Anus - I guess the frozen poop ain't so bad on account of the 'where shit goes' rule, but cold stuff up the butt is a real hemorrhoid catalyst. I'd probably go with the penis, because its filth level wouldn't be so relevant. Also, I don't want that area stretched by a somewhat large anything. Assuming the smelly penis is average in size, it wins.

Vagina - This is a slam dunk for the dildo, in theory. I certainly don't want cold or poo in there. But the thing is, if I did have a vagina for a day, I'd like to get fucked in it. I also assume that my vagina would be as putrid as That Thing in the Fridge in the Tupperware, so denying a dirty penis would be judgmental.

Short Answer: I guess that means the penis wins, if that's even what you were asking.

Sunday, August 20, 2017

Question: What our your thoughts on fate, free will and rubin sandwiches?

I think that fate is the reason you spelled the 'reuben' in 'reuben sandwich' as 'rubin', otherwise free will exists and you chose to be a dumbass.
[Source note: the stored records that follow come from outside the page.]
lemma dirichlet_energy_identity:
  fixes u :: "'a \<Rightarrow> real"
  assumes sym: "\<forall>i\<in>A. \<forall>j\<in>A. w i j = w j i"
  shows "2 * (\<Sum>i\<in>A. u i * (\<Sum>j\<in>A. w i j * (u i - u j)))
       = (\<Sum>i\<in>A. \<Sum>j\<in>A. w i j * (u i - u j)^2)"
proof -
  define X where "X = (\<Sum>i\<in>A. \<Sum>j\<in>A. w i j * (u i * (u i - u j)))"
  have X: "(\<Sum>i\<in>A. u i * (\<Sum>j\<in>A. w i j * (u i - u j))) = X"
    unfolding X_def by (simp add: sum_distrib_left algebra_simps)
  have "X = (\<Sum>j\<in>A. \<Sum>i\<in>A. w i j * (u i * (u i - u j)))"
    unfolding X_def by (rule sum.swap)
  also have "\<dots> = (\<Sum>i\<in>A. \<Sum>j\<in>A. w i j * (u j * (u j - u i)))"
    using sym by (intro sum.cong refl) auto
  finally have "2 * X = X + (\<Sum>i\<in>A. \<Sum>j\<in>A. w i j * (u j * (u j - u i)))"
    by simp
  also have "\<dots> = (\<Sum>i\<in>A. \<Sum>j\<in>A. w i j * (u i - u j)^2)"
    unfolding X_def sum.distrib[symmetric]
    by (intro sum.cong refl) (simp add: algebra_simps power2_eq_square)
  finally show ?thesis
    using X by simp
qed

lemma dirichlet_energy_zero_imp_eq:
  fixes u :: "'a \<Rightarrow> real"
  assumes fin: "finite A" and sym: "\<forall>i\<in>A. \<forall>j\<in>A. w i j = w j i"
    and nonneg: "\<forall>i\<in>A. \<forall>j\<in>A. w i j \<ge> 0"
    and zero: "(\<Sum>i\<in>A. u i * (\<Sum>j\<in>A. w i j * (u i - u j))) = 0"
    and i: "i \<in> A" and j: "j \<in> A" and edge: "w i j > 0"
  shows "u i = u j"
proof -
  have energy: "(\<Sum>i\<in>A. \<Sum>j\<in>A. w i j * (u i - u j)^2) = 0"
    using dirichlet_energy_identity[OF sym, of u] zero by simp
  have "\<forall>i\<in>A. (\<Sum>j\<in>A. w i j * (u i - u j)^2) \<ge> 0"
    using nonneg by (auto intro: sum_nonneg)
  then have "(\<Sum>j\<in>A. w i j * (u i - u j)^2) = 0"
    using sum_nonneg_eq_0_iff[OF fin, of "\<lambda>i. \<Sum>j\<in>A. w i j * (u i - u j)^2"] energy i
    by simp
  then have "w i j * (u i - u j)^2 = 0"
    using sum_nonneg_eq_0_iff[OF fin, of "\<lambda>j. w i j * (u i - u j)^2"] nonneg i j by auto
  with edge show ?thesis by simp
qed

lemma graph_laplacian_dirichlet_unique:
  fixes u :: "nat \<Rightarrow> real"
  assumes G: "in_graph_class n w" and SV: "S \<subset> verts n"
    and outside: "\<forall>i. i \<notin> S \<longrightarrow> u i = 0"
    and harmonic: "\<forall>i\<in>S. graph_laplacian n w r u i = 0"
  shows "u = 0"
proof -
  have sym: "\<forall>i\<in>verts n. \<forall>j\<in>verts n. w i j = w j i"
    and nonneg: "\<forall>i\<in>verts n. \<forall>j\<in>verts n. w i j \<ge> 0"
    and connected: "\<forall>i\<in>verts n. \<forall>j\<in>verts n.
        (\<lambda>a b. a \<in> verts n \<and> b \<in> verts n \<and> w a b > 0)\<^sup>*\<^sup>* i j"
    using G by (auto simp: in_graph_class_def)
  have zero: "(\<Sum>i\<in>verts n. u i * (\<Sum>j\<in>verts n. w i j * (u i - u j))) = 0"
  proof (intro sum.neutral ballI)
    fix i assume i: "i \<in> verts n"
    show "u i * (\<Sum>j\<in>verts n. w i j * (u i - u j)) = 0"
    proof (cases "i \<in> S")
      case True
      have "degree n w i powr (-r) > 0"
        using degree_pos[OF G i] by simp
      then show ?thesis
        using harmonic[rule_format, OF True] by (simp add: graph_laplacian_def)
    qed (use outside in simp)
  qed
  have along_paths: "u i = u j"
    if "(\<lambda>a b. a \<in> verts n \<and> b \<in> verts n \<and> w a b > 0)\<^sup>*\<^sup>* i j" for i j
    using that
  proof (induction rule: rtranclp_induct)
    case (step y z)
    then show ?case
      using dirichlet_energy_zero_imp_eq[OF _ sym nonneg zero, of y z] by (simp add: verts_def)
  qed simp
  obtain k where k: "k \<in> verts n" "k \<notin> S"
    using SV by blast
  have "u i = 0" if "i \<in> verts n" for i
    using along_paths[of i k] connected that k outside by simp
  then show ?thesis
    using SV outside by (auto simp: fun_eq_iff)
qed

lemma graph_laplacian_dirichlet_solvable:
  fixes g :: "nat \<Rightarrow> real"
  assumes G: "in_graph_class n w" and SV: "S \<subset> verts n"
  shows "\<exists>u. (\<forall>i\<in>S. graph_laplacian n w r u i = g i) \<and> (\<forall>i. i \<notin> S \<longrightarrow> u i = 0)"
proof -
  have "finite S"
    using SV finite_subset by (auto simp: verts_def)
  define E where "E = (\<lambda>s x. if x = s then 1 else 0::real) ` S"
  have span_E: "fun_vs.span E = {u. \<forall>i. i \<notin> S \<longrightarrow> u i = 0}"
    unfolding E_def using fun_vs_span_deltas[OF \<open>finite S\<close>] .
  define F where "F = (\<lambda>u i. if i \<in> S then graph_laplacian n w r u i else 0)"
  have linear: "Vector_Spaces.linear (\<lambda>c f x. c * f x) (\<lambda>c f x. c * f x) F"
    unfolding Vector_Spaces.linear_iff using fun_vs.vector_space_axioms
    by (auto simp: F_def fun_eq_iff graph_laplacian_add graph_laplacian_scale)
  have into: "F ` fun_vs.span E \<subseteq> fun_vs.span E"
    unfolding span_E by (auto simp: F_def)
  have inj: "inj_on F (fun_vs.span E)"
  proof (rule inj_onI)
    fix x y assume x: "x \<in> fun_vs.span E" and y: "y \<in> fun_vs.span E" and eq: "F x = F y"
    have "graph_laplacian n w r x i = graph_laplacian n w r y i" if "i \<in> S" for i
      using fun_cong[OF eq, of i] that by (simp add: F_def)
    with x y have "x - y = 0"
      by (intro graph_laplacian_dirichlet_unique[OF G SV, where r = r])
        (auto simp: span_E graph_laplacian_diff)
    then show "x = y" by simp
  qed
  have "(\<lambda>i. if i \<in> S then g i else 0) \<in> fun_vs.span E"
    unfolding span_E by simp
  then obtain u where "u \<in> fun_vs.span E" "(\<lambda>i. if i \<in> S then g i else 0) = F u"
    using fun_vs.linear_inj_on_span_imp_span_subset_image[OF _ linear into inj] E_def
      \<open>finite S\<close> by blast
  then show ?thesis
    by (intro exI[of _ u]) (auto simp: span_E F_def fun_eq_iff split: if_splits)
qed

lemma
  assumes G: "in_graph_class n w" and SV: "S \<subset> verts n"
  shows equilibrium_measure_laplacian:
      "\<forall>i\<in>S. graph_laplacian n w r (equilibrium_measure n w r S) i = 1"
    and equilibrium_measure_outside:
      "\<forall>i. i \<notin> S \<longrightarrow> equilibrium_measure n w r S i = 0"
proof -
  let ?P = "\<lambda>\<nu>. (\<forall>i\<in>S. graph_laplacian n w r \<nu> i = 1) \<and> (\<forall>i. i \<notin> S \<longrightarrow> \<nu> i = 0)"
  have "\<exists>!\<nu>. ?P \<nu>"
  proof (rule ex_ex1I)
    show "\<exists>\<nu>. ?P \<nu>"
      using graph_laplacian_dirichlet_solvable[OF G SV] .
    fix x y assume "?P x" "?P y"
    then have "x - y = 0"
      by (intro graph_laplacian_dirichlet_unique[OF G SV, where r = r]) (auto simp: graph_laplacian_diff)
    then show "x = y" by simp
  qed
  then have "?P (equilibrium_measure n w r S)"
    unfolding equilibrium_measure_def by (rule theI')
  then show "\<forall>i\<in>S. graph_laplacian n w r (equilibrium_measure n w r S) i = 1"
    and "\<forall>i. i \<notin> S \<longrightarrow> equilibrium_measure n w r S i = 0"
    by auto
qed

lemma graph_curvature_nonneg:
  assumes "i \<in> S" and "\<forall>j\<in>verts n. w i j \<ge> 0"
  shows "graph_curvature n w r S i \<ge> 0"
  using assms by (auto simp: graph_curvature_def intro!: mult_nonneg_nonneg sum_nonneg)

lemma one_le_graph_curvature_mult_at_min:
  fixes \<nu> :: "nat \<Rightarrow> real"
  assumes nonneg: "\<forall>j\<in>verts n. w i j \<ge> 0"
    and outside: "\<forall>j. j \<notin> S \<longrightarrow> \<nu> j = 0"
    and i: "i \<in> S" and min: "\<forall>j\<in>S. \<nu> i \<le> \<nu> j"
    and lap: "graph_laplacian n w r \<nu> i = 1"
  shows "1 \<le> graph_curvature n w r S i * \<nu> i"
proof -
  have "(\<Sum>j\<in>verts n. w i j * (\<nu> i - \<nu> j))
      \<le> (\<Sum>j\<in>verts n. if j \<in> S then 0 else w i j * \<nu> i)"
  proof (rule sum_mono)
    fix j assume "j \<in> verts n"
    then show "w i j * (\<nu> i - \<nu> j) \<le> (if j \<in> S then 0 else w i j * \<nu> i)"
      using nonneg min outside by (auto intro: mult_nonneg_nonpos)
  qed
  also have "\<dots> = (\<Sum>j\<in>verts n - S. w i j) * \<nu> i"
    by (simp add: sum.If_cases sum_distrib_right Diff_eq verts_def)
  finally have "degree n w i powr (-r) * (\<Sum>j\<in>verts n. w i j * (\<nu> i - \<nu> j))
      \<le> degree n w i powr (-r) * ((\<Sum>j\<in>verts n - S. w i j) * \<nu> i)"
    by (rule mult_left_mono) simp
  then show ?thesis
    using lap i by (simp add: graph_laplacian_def graph_curvature_def mult.assoc)
qed

lemma inverse_le_of_one_le_mult:
  fixes a b x :: real
  assumes one: "1 \<le> a * x" and "0 \<le> a" and "a \<le> b"
  shows "inverse b \<le> x"
proof -
  have "0 < a * x"
    using one by simp
  then have "0 < a" "0 < x"
    using \<open>0 \<le> a\<close> by (auto simp: zero_less_mult_iff)
  have "a * x \<le> b * x"
    using \<open>a \<le> b\<close> \<open>0 < x\<close> by (simp add: mult_right_mono)
  then have "1 \<le> b * x"
    using one by linarith
  then show ?thesis
    using \<open>0 < a\<close> \<open>a \<le> b\<close> by (simp add: inverse_eq_divide divide_le_eq mult.commute)
qed

theorem lemma3p8:
  fixes n :: nat and w :: "nat \<Rightarrow> nat \<Rightarrow> real" and r :: real and S :: "nat set"
  assumes "in_graph_class n w"
    and "0 \<le> r" and "r \<le> 1"
    and "S \<subset> verts n"
  shows "\<forall>i\<in>S. equilibrium_measure n w r S i \<ge> inverse (curvature_max n w r S)"
proof
  fix l assume l: "l \<in> S"
  note G = assms(1) and SV = assms(4)
  define \<nu> where "\<nu> = equilibrium_measure n w r S"
  define i where "i = arg_min_on \<nu> S"
  have "finite S" "S \<noteq> {}"
    using SV l finite_subset by (auto simp: verts_def)
  then have i: "i \<in> S" "\<forall>j\<in>S. \<nu> i \<le> \<nu> j"
    unfolding i_def by (auto intro: arg_min_if_finite(1) arg_min_least)
  have nonneg: "\<forall>j\<in>verts n. w i j \<ge> 0"
    using G i SV by (auto simp: in_graph_class_def)
  define \<kappa> where "\<kappa> = graph_curvature n w r S i"
  have one: "1 \<le> \<kappa> * \<nu> i"
    unfolding \<kappa>_def using i nonneg equilibrium_measure_laplacian[OF G SV]
      equilibrium_measure_outside[OF G SV]
    by (intro one_le_graph_curvature_mult_at_min) (auto simp: \<nu>_def)
  have "0 \<le> \<kappa>"
    unfolding \<kappa>_def using graph_curvature_nonneg i nonneg by blast
  moreover have "\<kappa> \<le> curvature_max n w r S"
    unfolding curvature_max_def \<kappa>_def using i SV by (intro Max_ge) (auto simp: verts_def)
  ultimately have "inverse (curvature_max n w r S) \<le> \<nu> i"
    by (rule inverse_le_of_one_le_mult[OF one])
  also have "\<nu> i \<le> \<nu> l"
    using i l by blast
  finally show "inverse (curvature_max n w r S) \<le> equilibrium_measure n w r S l"
    unfolding \<nu>_def .
qed

end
Short Answer: I don't believe in any of that shit. Reubens are okay, as things that are good because I'm tired of the really great shit and need variety. (Reubens are the mulligatawny soup of sandwiches, in other words.) As for the rest, science seems to think that our genetics are the best indicator for who we are and what we do, which leaves higher concepts in the dust. Free will specifically? Use it at your leisure, to make yourself feel strong when choice is the best option. Like, say, if you fall into a lake, and your body won't swim itself.

Friday, August 18, 2017

Question: Turd Wilkenson?

I don't know, man.

I feel like maybe this was something that happened in real life? Maybe someone is referencing a joke from a particular night of debauchery that I can't recall?

Obviously it makes me think of Turd Ferguson, which if you don't recognize, is a reference to a series of SNL sketches, and one in particular, where Norm Macdonald - as Burt Reynolds on Jeopardy - writes that his name is Turd Ferguson. But if you're reading this blog, you likely already knew that shit already.

So you can see why I might think this is a reference to a reference, a nod to a real life situation. Does that make any sense at all?

Kendra Wilkenson was a playboy model. She had a TV show. I never saw it, but I guess it's possible she pooped at some point. Or maybe has a turd of a personality. Other than that, I don't know. Wilkenson is often spelled Wilkinson, which cuts off some other interesting (boring) possibilities.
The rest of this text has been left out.